[Saved data entries]

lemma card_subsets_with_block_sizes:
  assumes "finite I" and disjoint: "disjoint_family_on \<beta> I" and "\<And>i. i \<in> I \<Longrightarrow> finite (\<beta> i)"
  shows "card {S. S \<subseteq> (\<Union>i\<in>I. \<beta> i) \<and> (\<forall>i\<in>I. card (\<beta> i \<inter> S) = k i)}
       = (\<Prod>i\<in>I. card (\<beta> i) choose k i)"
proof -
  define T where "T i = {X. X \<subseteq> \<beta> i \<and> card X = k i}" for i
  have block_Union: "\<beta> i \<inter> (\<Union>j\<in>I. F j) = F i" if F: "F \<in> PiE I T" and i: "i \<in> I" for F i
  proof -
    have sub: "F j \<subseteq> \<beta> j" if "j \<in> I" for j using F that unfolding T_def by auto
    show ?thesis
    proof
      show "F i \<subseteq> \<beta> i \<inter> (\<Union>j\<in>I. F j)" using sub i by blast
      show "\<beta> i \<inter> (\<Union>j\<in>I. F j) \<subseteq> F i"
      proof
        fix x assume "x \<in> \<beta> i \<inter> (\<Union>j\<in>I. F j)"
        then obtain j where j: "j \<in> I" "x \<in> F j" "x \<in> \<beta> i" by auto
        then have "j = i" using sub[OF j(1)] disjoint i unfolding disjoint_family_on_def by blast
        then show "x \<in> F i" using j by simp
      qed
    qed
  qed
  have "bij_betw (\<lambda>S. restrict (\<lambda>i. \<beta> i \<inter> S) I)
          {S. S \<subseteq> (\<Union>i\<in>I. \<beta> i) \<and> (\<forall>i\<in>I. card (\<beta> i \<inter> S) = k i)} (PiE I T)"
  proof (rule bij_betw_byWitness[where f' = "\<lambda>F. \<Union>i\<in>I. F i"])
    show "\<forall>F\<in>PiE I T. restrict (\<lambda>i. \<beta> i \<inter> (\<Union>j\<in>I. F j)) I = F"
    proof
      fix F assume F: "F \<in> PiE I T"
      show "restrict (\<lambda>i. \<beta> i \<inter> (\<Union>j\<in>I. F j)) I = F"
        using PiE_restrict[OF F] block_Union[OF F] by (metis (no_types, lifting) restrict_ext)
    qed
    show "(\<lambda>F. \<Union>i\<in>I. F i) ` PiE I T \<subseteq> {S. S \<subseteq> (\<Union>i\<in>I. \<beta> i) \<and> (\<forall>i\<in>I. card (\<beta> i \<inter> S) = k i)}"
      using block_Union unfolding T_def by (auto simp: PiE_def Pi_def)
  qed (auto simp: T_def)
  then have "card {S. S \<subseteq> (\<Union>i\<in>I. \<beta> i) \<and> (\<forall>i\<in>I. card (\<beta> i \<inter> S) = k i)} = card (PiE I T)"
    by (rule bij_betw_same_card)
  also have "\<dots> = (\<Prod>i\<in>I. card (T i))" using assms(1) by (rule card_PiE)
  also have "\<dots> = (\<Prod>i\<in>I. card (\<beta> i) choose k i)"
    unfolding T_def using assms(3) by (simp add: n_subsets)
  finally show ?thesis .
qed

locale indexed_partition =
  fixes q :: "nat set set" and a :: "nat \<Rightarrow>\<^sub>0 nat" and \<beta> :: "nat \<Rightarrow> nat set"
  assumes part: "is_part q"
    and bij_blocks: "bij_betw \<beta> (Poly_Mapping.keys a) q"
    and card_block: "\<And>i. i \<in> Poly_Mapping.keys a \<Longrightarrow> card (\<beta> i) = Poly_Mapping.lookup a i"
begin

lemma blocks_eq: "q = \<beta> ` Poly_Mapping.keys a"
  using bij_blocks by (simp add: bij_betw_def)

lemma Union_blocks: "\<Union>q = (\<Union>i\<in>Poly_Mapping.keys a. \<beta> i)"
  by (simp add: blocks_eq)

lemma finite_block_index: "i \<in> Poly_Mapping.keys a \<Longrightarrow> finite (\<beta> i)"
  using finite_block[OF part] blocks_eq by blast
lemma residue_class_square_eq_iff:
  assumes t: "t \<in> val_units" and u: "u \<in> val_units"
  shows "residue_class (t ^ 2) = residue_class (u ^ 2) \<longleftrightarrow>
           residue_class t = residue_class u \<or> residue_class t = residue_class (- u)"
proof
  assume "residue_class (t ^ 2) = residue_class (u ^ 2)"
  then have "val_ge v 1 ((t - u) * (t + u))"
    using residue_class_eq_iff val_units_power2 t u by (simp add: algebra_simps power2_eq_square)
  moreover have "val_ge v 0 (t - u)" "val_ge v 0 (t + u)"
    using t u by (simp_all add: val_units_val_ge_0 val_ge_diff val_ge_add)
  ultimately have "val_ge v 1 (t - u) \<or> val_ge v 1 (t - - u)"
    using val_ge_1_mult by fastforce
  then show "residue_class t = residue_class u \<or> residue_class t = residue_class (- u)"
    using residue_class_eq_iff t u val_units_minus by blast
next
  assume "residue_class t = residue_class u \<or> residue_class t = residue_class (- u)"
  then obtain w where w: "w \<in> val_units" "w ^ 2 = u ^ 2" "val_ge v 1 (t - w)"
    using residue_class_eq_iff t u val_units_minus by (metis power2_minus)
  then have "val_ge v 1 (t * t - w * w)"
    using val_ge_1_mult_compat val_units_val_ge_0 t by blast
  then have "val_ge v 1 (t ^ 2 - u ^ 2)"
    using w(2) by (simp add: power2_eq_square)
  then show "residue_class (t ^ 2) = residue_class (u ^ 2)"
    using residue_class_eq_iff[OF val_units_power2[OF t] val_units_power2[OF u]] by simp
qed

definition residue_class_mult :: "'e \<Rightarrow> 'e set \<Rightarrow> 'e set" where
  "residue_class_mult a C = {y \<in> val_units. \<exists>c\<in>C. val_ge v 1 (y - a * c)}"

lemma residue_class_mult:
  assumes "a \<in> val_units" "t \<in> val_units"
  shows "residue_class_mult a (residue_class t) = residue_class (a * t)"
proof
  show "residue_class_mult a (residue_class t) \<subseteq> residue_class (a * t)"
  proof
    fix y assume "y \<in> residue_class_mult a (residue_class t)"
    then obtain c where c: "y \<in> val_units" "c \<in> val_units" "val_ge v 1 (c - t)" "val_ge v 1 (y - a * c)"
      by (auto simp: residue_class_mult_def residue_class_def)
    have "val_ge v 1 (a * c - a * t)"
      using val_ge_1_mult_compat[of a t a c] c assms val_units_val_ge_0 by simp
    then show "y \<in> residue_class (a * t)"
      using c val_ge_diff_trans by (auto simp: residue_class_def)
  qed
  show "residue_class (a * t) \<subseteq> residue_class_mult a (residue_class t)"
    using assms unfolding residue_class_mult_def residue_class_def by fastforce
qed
...
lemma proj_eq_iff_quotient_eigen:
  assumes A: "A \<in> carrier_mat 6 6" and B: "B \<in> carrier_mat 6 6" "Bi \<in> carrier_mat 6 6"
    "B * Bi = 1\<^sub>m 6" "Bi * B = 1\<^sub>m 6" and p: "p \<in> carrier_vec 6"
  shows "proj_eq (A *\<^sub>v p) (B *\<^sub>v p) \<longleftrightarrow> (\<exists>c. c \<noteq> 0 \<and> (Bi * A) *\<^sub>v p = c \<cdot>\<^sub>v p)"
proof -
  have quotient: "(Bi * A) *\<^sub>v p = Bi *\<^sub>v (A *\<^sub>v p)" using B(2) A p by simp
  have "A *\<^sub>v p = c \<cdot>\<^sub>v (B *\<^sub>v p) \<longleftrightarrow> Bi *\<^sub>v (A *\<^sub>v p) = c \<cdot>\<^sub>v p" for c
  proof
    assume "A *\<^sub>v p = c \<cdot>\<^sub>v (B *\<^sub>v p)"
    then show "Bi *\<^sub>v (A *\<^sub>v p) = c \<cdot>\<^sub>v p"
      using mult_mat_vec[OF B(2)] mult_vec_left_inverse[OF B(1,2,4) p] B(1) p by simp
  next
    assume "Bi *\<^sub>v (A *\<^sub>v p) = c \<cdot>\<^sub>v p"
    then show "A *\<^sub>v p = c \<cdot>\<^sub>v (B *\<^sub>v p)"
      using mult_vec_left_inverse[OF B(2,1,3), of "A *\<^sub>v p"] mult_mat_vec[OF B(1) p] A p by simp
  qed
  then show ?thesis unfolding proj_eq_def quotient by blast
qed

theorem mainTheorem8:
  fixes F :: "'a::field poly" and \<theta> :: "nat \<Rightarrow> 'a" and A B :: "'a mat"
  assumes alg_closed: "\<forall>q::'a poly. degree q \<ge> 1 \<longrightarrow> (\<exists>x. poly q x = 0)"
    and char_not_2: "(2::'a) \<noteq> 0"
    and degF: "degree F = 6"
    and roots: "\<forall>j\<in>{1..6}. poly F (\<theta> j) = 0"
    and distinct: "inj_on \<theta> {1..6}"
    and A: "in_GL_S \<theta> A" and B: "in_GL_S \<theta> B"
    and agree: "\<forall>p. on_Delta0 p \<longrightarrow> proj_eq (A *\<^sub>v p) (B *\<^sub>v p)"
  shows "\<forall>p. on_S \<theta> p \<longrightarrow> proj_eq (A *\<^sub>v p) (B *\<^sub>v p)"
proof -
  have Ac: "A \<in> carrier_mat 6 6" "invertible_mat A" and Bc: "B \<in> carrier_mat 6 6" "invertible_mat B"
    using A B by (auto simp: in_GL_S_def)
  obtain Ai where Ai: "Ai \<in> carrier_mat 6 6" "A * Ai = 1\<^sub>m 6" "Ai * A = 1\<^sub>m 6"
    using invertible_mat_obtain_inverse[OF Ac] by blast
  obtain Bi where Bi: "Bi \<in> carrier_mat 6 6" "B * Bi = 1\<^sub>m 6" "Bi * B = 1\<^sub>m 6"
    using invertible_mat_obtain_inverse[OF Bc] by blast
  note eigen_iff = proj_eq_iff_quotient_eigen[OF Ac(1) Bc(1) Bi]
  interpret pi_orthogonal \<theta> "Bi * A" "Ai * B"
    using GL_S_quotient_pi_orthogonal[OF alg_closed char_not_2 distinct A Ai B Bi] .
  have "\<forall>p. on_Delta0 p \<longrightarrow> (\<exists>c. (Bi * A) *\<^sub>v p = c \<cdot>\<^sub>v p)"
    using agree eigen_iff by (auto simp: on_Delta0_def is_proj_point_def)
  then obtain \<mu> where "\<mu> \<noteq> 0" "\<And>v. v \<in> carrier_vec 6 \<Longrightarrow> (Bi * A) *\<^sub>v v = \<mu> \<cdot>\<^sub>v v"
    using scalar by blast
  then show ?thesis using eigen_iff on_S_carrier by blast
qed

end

YOUR INSTRUCTIONS: The expected answer is every line above in which the word "degree" appears.

OUTPUT:
  assumes alg_closed: "\<forall>q::'a poly. degree q \<ge> 1 \<longrightarrow> (\<exists>x. poly q x = 0)"
    and degF: "degree F = 6"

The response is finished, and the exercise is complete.